I’m a scifi geek. The word mutate has a certain connotation to it. In the Logstash world, mutate simply means to change the data. We’ll be using the remove_field command inside of a mutate filter.

Like I said earlier, we have some data that I know I’ll never use. This is flight performance data. The dataset contains diversion information. If a flight gets diverted more than once, it’s tracked here. I don’t care about that, so I’m dropping the diversion information for the second through fifth diversions. I’m also dropping some information about the airports that I believe I won’t need. This is the tricky part. Somewhere down the road, I’m going to need to enhance this data by converting all of the times to UTC.

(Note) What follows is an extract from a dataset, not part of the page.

(* Let $0<\alpha<1$, $\sigma=1-\alpha/2$, $l,T>0$, $N,M\ge1$, $h=l/N$, $x_i=ih$, $\tau=T/M$, $t_j=j\tau$, $t_{j+\sigma}=(j+\sigma)\tau$. Let $k(x,t)\ge c_1>0$, $q(x,t)\ge0$ and $f(x,t)$ be continuous on $[0,l]\times[0,T]$, and $u_0$ a function on $[0,l]$. Set $a_i^{j+1}=k(x_{i-1/2},t_{j+\sigma})$, $d_i^{j+1}=q(x_i,t_{j+\sigma})$, $\varphi_i^{j+1}=f(x_i,t_{j+\sigma})$ with $x_{i-1/2}=(i-1/2)h$, and $$(\Lambda y)_i=\frac{a_{i+1}^{j+1}y_{i+1}-(a_{i+1}^{j+1}+a_i^{j+1})y_i+a_i^{j+1}y_{i-1}}{h^2}-d_i^{j+1}y_i .$$ Let $y$ solve $$\Delta^\alpha_{0t_{j+\sigma}}y_i=(\Lambda y^{(\sigma)})_i+\varphi_i^{j+1},\quad i=1,\dots,N-1,\ j=0,\dots,M-1,$$ $$y_0^j=y_N^j=0,\qquad y_i^0=u_0(x_i),$$ where $y^{(\sigma)}=\sigma y^{j+1}+(1-\sigma)y^j$. Then the scheme is unconditionally stable and for every $j=0,\dots,M-1$ $$\|y^{j+1}\|_0^2\le\|y^0\|_0^2+\frac{l^2T^\alpha\Gamma(1-\alpha)}{4c_1}\max_{1\le j\le M}\|\varphi^j\|_0^2 .$$
   Context: $(y,v)=\sum_{i=1}^{N-1}y_iv_ih$, $\|y\|_0^2=(y,y)$. The discrete fractional derivative is $\Delta^\alpha_{0t_{j+\sigma}}y_i=\frac{\tau^{1-\alpha}}{\Gamma(2-\alpha)}\sum_{s=0}^{j}c_{j-s}\frac{y_i^{s+1}-y_i^s}{\tau}$ with: $a_0=\sigma^{1-\alpha}$, $a_l=(l'+\sigma)^{1-\alpha}-(l'-1+\sigma)^{1-\alpha}$ for index $l'\ge1$, $b_{l'}=\frac{1}{2-\alpha}[(l'+\sigma)^{2-\alpha}-(l'-1+\sigma)^{2-\alpha}]-\frac12[(l'+\sigma)^{1-\alpha}+(l'-1+\sigma)^{1-\alpha}]$ for $l'\ge1$; for $j=0$, $c_0=a_0$; for $j\ge1$, $c_0=a_0+b_1$, $c_s=a_s+b_{s+1}-b_s$ ($1\le s\le j-1$), $c_j=a_j-b_j$. *)

theory Defs
  imports "HOL-Analysis.Analysis"
begin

Once again, this is pretty simple.
[code] mutate {
remove_field => [ “message”, “path”, “host”,
“Div2Airport”,”Div2AirportID”,”Div2AirportSeqID”,”Div2WheelsOn”,”Div2TotalGTime”,”Div2LongestGTime”,”Div2WheelsOff”,”Div2TailNum”,”Div3Airport”,
“Div3AirportID”,”Div3AirportSeqID”,”Div3WheelsOn”,”Div3TotalGTime”,”Div3LongestGTime”,”Div3WheelsOff”,”Div3TailNum”,”Div4Airport”,”Div4AirportID”,
“Div4AirportSeqID”,”Div4WheelsOn”,”Div4TotalGTime”,”Div4LongestGTime”,”Div4WheelsOff”,”Div4TailNum”,”Div5Airport”,”Div5AirportID”,”Div5AirportSeqID”,
“Div5WheelsOn”,”Div5TotalGTime”,”Div5LongestGTime”,”Div5WheelsOff”,”Div5TailNum”, “OriginAirportID”,
“OriginAirportSeqID”, “DestAirportID”,”DestAirportSeqID”][/code]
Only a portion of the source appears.